By LHFX Technical Analysis
Jan 1, 2025
Gold

Daily Price Outlook

Gold (XAU/USD) entered 2025 with bullish momentum after its exceptional performance in 2024. The precious metal gained more than 26% throughout the year, marking its highest annual increase since 2010.

This surge was driven by a combination of factors, including strong demand from central banks, persistent geopolitical instability, and loose global monetary policies. These trends pushed gold to new heights, with the price hitting an all-time record of $2,790.15 on October 31, 2024.

Gold to Remain Supported in 2025 Amid US Dollar Pressure and Geopolitical Risks

Despite a stronger US Dollar and slower Fed rate cuts, gold is expected to remain supported in 2025. The Federal Reserve's cautious stance on rate cuts and uncertainty surrounding economic strategies under the incoming Trump administration are putting pressure on the US Dollar.

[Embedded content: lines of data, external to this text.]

(* Let $N,\alpha\in\mathbb{N}$ and let $a_1,\dots,a_\alpha$ be complex numbers. Define $a_{n,j}:=a_j$ if $n\le N$ and $j\le\alpha$, and $a_{n,j}:=0$ otherwise ($n,j\ge1$). Then $$(1+a_1+\cdots+a_\alpha)^N=1+\sum_{k=1}^{\alpha N}\ \sum_{L\vdash k}\frac{1}{C_{stb}(L)}\sum_{\sigma\in S_{\ell(L)}}\operatorname{sign}(\sigma)\,\mathbb{A}_{\sigma,L}\big(\{a_{n,j}\}_{n,j\ge1}\big).$$
   Context: $L\vdash k$ means $L=[x_1,\dots,x_m]$ is a partition of $k$ (multiset of positive integers summing to $k$), $\ell(L)=m$, and $C_{stb}(L):=\prod_x(\#\{i:x_i=x\})!$ over distinct values $x$ in $L$. Writing $L=[k_1,\dots,k_m]$ with $k_1\le\cdots\le k_m$ and, for $\sigma\in S_m$ (sign denoted $\operatorname{sign}$), decomposing $\sigma$ into disjoint cycles $C_1,\dots,C_r$ (fixed points kept as length-one cycles), $\mathbb{A}_{\sigma,L}(\{a_{n,j}\}):=\prod_{t=1}^{r}\big(\sum_{n=1}^{\infty}\prod_{i\in C_t}a_{n,k_i}\big)$ (finite sums here). *)

theory Defs
  imports Complex_Main "HOL-Library.Multiset" "HOL-Combinatorics.Combinatorics"
begin

definition partitions_of :: "nat \<Rightarrow> nat multiset set" where
  "partitions_of k = {L. (\<forall>x\<in>#L. 0 < x) \<and> sum_mset L = k}"

definition part_len :: "nat multiset \<Rightarrow> nat" where
  "part_len L = size L"

definition C_stb :: "nat multiset \<Rightarrow> nat" where
  "C_stb L = (\<Prod>x\<in>set_mset L. fact (count L x))"

text \<open>Cycles of a permutation sigma of {0..<m} (fixed points give singleton cycles);
  index i (0-based) corresponds to k_{i+1} of the sorted list.\<close>
definition perm_cycles :: "nat \<Rightarrow> (nat \<Rightarrow> nat) \<Rightarrow> nat set set" where
  "perm_cycles m \<sigma> = (\<lambda>i. orbit \<sigma> i) ` {..<m}"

However, gold has benefited from rising geopolitical risks, central bank demand, and global monetary easing in 2024. Analysts predict that gold could reach $3,000 per ounce due to continued demand from central banks and the gradual impact of Fed rate cuts.

China's Mixed Economic Data Boosts Gold's Safe-Haven Appeal

On the other hand, China's official Non-Manufacturing PMI showed improvement in December, rising to 52.2 from 50.0 in November, surpassing expectations.

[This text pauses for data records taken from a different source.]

text \<open>Cauchy--Schwarz, obtained by integrating \<open>\<phi> \<le> \<surd>(u v) \<le> l u + v / (4 l)\<close> and optimising
  over \<open>l\<close>.\<close>
lemma set_integral_le_sqrt_mult_sqrt:
  fixes \<phi> u v :: "'a \<Rightarrow> real"
  assumes u: "set_integrable M A u" and v: "set_integrable M A v"
    and nonneg: "\<And>x. x \<in> A \<Longrightarrow> 0 \<le> u x \<and> 0 \<le> v x \<and> 0 \<le> \<phi> x"
    and sq: "\<And>x. x \<in> A \<Longrightarrow> (\<phi> x)\<^sup>2 \<le> u x * v x"
  shows "(LINT x:A|M. \<phi> x) \<le> sqrt (LINT x:A|M. u x) * sqrt (LINT x:A|M. v x)"
proof -
  have "(LINT x:A|M. \<phi> x) \<le> l * (LINT x:A|M. u x) + (LINT x:A|M. v x) / 4 / l" if l: "l > 0" for l
  proof -
    have "\<phi> x \<le> l * u x + v x / (4 * l)" if x: "x \<in> A" for x
    proof -
      have "\<phi> x \<le> sqrt (u x) * sqrt (v x)"
        using nonneg[OF x] sq[OF x] by (simp add: real_le_rsqrt real_sqrt_mult[symmetric])
      also have "\<dots> \<le> l * (sqrt (u x))\<^sup>2 + (sqrt (v x))\<^sup>2 / (4 * l)"
        by (rule mult_le_scaled_squares[OF l])
      finally show ?thesis using nonneg[OF x] by simp
    qed
    moreover have "set_integrable M A (\<lambda>x. l * u x + v x / (4 * l))"
      using u v by (intro set_integral_add(1) set_integrable_mult_right set_integrable_divide)
    ultimately have "(LINT x:A|M. \<phi> x) \<le> (LINT x:A|M. l * u x + v x / (4 * l))"
      using nonneg by (intro set_integral_mono_nonneg) auto
    also have "\<dots> = l * (LINT x:A|M. u x) + (LINT x:A|M. v x) / 4 / l"
      using u v by (simp add: set_integral_add set_integral_divide_zero)
    finally show ?thesis .
  qed
  moreover have "0 \<le> (LINT x:A|M. u x)" "0 \<le> (LINT x:A|M. v x)"
    using nonneg by (auto intro: set_integral_nonneg)
  ultimately have "(LINT x:A|M. \<phi> x) \<le> 2 * sqrt ((LINT x:A|M. u x) * ((LINT x:A|M. v x) / 4))"
    by (intro le_two_sqrt_mult_if_le_scaled_sum) auto
  also have "\<dots> = sqrt (LINT x:A|M. u x) * sqrt (LINT x:A|M. v x)"
    by (simp add: real_sqrt_mult real_sqrt_divide)
  finally show ?thesis .
qed

lemma set_integral_inverse_affine:
  fixes g k y :: real
  assumes g: "g > 0" and k: "k > 0" and y: "y \<ge> 0"
  shows "set_integrable lborel {0..y} (\<lambda>s. 1 / (g * s + k))"
    and "(LINT s:{0..y}|lborel. 1 / (g * s + k)) = ln (1 + g * y / k) / g"
proof -
  have pos: "g * s + k > 0" if "s \<ge> 0" for s using g k that by (simp add: add_nonneg_pos)
  have cont: "continuous_on {0..y} (\<lambda>s. 1 / (g * s + k))"
    using pos by (intro continuous_intros) (auto simp: less_imp_neq[symmetric])
  then show "set_integrable lborel {0..y} (\<lambda>s. 1 / (g * s + k))"
    by (rule borel_integrable_atLeastAtMost')
  have "(LINT s:{0..y}|lborel. 1 / (g * s + k)) = ln (g * y + k) / g - ln (g * 0 + k) / g"
    unfolding set_lebesgue_integral_def
  proof (rule integral_FTC_atLeastAtMost[OF y _ cont])
    fix x :: real assume "0 \<le> x" "x \<le> y"
    then have "((\<lambda>s. ln (g * s + k) / g) has_real_derivative 1 / (g * x + k)) (at x)"
      using pos[of x] g by (auto intro!: derivative_eq_intros)
    then show "((\<lambda>s. ln (g * s + k) / g) has_vector_derivative 1 / (g * x + k)) (at x within {0..y})"
      by (simp add: has_real_derivative_iff_has_vector_derivative[symmetric] has_field_derivative_at_within)
  qed
  also have "\<dots> = ln ((g * y + k) / k) / g"
    using pos[OF y] k by (simp add: diff_divide_distrib ln_div)
  also have "(g * y + k) / k = 1 + g * y / k" using k by (simp add: field_simps)
  finally show "(LINT s:{0..y}|lborel. 1 / (g * s + k)) = ln (1 + g * y / k) / g" .
qed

This indicates stronger growth in services and other non-manufacturing sectors, which could be a sign of economic recovery despite the manufacturing slowdown.

However, the official Manufacturing PMI slipped slightly to 50.1, down from 50.3 in November, reflecting weaker performance in the manufacturing sector, although still above the 50.0 mark that separates expansion from contraction.

Meanwhile, home prices in China showed a slight increase in December, with new home prices rising by 0.37% from the previous month. On a year-on-year basis, prices rose by 2.68%, higher than November's growth of 2.40%.

This indicates that the property market is stabilizing, helped by government measures to support homebuying, such as cutting mortgage rates and reducing down payments.

Despite the challenges faced by the property sector, these efforts suggest that China is working to revive the market after a tough period following the debt crisis in 2021.

The mixed economic data from China, including weaker manufacturing and improving services, may increase uncertainty, potentially supporting gold. Gold often benefits from economic slowdowns or instability, as investors seek safe-haven assets during periods of market volatility.

GOLD Price Chart - Source: Tradingview
GOLD Price Chart - Source: Tradingview

GOLD (XAU/USD) – Technical Analysis

Gold (XAU/USD) is trading at $2,624.26, marking a modest 0.71% gain, as cautious optimism prevails in the precious metals market.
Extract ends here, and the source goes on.